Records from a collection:
__________
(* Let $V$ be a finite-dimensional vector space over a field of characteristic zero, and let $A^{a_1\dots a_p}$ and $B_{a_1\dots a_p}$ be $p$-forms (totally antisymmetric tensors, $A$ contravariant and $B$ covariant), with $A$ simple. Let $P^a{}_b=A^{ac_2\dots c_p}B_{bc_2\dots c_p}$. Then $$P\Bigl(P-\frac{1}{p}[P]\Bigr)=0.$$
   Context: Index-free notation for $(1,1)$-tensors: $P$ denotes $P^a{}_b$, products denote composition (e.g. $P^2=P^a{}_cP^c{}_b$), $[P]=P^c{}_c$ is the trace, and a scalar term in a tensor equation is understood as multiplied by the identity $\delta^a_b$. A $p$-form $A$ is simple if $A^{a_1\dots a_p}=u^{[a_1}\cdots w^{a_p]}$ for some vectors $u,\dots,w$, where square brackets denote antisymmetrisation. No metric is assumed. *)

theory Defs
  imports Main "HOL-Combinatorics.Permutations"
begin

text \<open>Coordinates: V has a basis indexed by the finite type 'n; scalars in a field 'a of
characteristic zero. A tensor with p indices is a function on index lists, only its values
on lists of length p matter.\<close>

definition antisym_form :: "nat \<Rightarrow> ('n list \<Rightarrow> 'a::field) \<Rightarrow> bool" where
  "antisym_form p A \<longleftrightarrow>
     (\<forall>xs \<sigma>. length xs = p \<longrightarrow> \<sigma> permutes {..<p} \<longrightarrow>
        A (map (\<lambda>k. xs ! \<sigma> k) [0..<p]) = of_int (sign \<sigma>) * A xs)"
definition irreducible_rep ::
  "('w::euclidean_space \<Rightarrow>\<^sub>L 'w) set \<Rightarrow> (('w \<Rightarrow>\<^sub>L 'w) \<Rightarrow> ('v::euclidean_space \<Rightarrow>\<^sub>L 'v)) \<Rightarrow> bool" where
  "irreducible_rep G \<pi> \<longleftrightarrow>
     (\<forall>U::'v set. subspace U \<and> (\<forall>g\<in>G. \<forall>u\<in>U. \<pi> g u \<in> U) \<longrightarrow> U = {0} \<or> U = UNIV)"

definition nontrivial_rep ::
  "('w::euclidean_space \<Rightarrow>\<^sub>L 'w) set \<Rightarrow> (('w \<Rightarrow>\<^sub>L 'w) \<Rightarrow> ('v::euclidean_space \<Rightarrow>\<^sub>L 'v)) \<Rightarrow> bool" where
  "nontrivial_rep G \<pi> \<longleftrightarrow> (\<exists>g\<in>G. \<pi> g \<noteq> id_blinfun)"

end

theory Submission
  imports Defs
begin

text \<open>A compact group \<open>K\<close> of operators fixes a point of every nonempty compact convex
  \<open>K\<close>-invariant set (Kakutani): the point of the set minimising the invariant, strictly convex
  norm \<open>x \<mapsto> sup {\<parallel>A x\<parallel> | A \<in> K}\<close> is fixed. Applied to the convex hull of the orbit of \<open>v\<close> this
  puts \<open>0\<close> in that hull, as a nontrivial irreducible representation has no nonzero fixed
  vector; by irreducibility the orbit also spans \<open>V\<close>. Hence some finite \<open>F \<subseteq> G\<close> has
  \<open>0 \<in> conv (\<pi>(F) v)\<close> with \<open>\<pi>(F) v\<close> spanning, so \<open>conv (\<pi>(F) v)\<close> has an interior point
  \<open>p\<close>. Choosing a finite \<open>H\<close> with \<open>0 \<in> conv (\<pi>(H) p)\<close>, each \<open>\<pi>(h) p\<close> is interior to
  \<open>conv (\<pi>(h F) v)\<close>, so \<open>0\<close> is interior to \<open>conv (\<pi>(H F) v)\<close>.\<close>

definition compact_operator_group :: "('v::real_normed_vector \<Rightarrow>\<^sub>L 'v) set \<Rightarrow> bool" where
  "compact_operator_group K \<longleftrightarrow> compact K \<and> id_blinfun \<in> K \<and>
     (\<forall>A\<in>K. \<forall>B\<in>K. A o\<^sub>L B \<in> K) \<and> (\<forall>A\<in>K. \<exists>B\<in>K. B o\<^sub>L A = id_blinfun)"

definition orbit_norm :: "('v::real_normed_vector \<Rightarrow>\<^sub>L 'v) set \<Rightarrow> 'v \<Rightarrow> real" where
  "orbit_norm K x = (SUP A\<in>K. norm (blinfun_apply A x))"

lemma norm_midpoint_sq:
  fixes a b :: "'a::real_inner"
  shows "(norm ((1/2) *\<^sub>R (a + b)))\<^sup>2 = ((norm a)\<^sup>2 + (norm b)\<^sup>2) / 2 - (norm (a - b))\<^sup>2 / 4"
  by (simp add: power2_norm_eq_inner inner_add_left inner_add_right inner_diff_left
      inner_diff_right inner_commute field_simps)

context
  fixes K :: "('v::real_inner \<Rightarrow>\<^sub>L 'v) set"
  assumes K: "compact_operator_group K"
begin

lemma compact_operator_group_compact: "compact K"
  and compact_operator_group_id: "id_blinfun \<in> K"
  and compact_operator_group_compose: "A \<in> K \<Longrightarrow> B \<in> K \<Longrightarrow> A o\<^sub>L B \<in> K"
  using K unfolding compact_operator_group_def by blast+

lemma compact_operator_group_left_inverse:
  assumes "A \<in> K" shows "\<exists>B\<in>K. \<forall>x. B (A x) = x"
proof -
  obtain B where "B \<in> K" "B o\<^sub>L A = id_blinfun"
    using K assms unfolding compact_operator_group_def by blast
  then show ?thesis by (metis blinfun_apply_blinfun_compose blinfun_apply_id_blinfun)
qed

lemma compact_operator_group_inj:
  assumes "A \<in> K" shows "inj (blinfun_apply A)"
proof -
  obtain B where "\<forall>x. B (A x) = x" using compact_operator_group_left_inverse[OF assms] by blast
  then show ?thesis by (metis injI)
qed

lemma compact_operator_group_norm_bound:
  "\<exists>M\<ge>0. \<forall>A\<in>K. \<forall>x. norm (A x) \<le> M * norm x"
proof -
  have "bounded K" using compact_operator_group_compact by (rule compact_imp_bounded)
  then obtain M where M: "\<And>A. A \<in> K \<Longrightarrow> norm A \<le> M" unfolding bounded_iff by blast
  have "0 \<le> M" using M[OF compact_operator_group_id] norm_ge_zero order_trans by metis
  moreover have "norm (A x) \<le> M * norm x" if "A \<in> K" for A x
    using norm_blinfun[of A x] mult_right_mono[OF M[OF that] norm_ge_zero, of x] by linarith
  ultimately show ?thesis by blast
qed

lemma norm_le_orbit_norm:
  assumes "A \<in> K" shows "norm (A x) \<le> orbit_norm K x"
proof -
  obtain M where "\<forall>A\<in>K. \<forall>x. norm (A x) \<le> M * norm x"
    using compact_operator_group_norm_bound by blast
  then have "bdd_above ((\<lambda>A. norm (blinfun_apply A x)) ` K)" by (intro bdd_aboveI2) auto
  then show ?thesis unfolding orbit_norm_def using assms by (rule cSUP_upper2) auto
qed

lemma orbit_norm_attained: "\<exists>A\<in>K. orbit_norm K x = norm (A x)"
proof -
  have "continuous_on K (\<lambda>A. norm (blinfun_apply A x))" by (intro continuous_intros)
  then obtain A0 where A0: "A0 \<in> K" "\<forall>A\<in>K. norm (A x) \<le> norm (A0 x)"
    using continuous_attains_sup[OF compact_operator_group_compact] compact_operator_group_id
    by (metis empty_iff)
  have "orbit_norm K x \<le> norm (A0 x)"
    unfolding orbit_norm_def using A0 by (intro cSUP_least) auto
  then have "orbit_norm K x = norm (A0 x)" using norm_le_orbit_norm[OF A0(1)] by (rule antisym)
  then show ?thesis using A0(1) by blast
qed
__________
→ What you will do
The answer must be every line from the entries above that holds the string "intro".

→ Result of the exercise
  then have "bdd_above ((\<lambda>A. norm (blinfun_apply A x)) ` K)" by (intro bdd_aboveI2) auto
  have "continuous_on K (\<lambda>A. norm (blinfun_apply A x))" by (intro continuous_intros)
    unfolding orbit_norm_def using A0 by (intro cSUP_least) auto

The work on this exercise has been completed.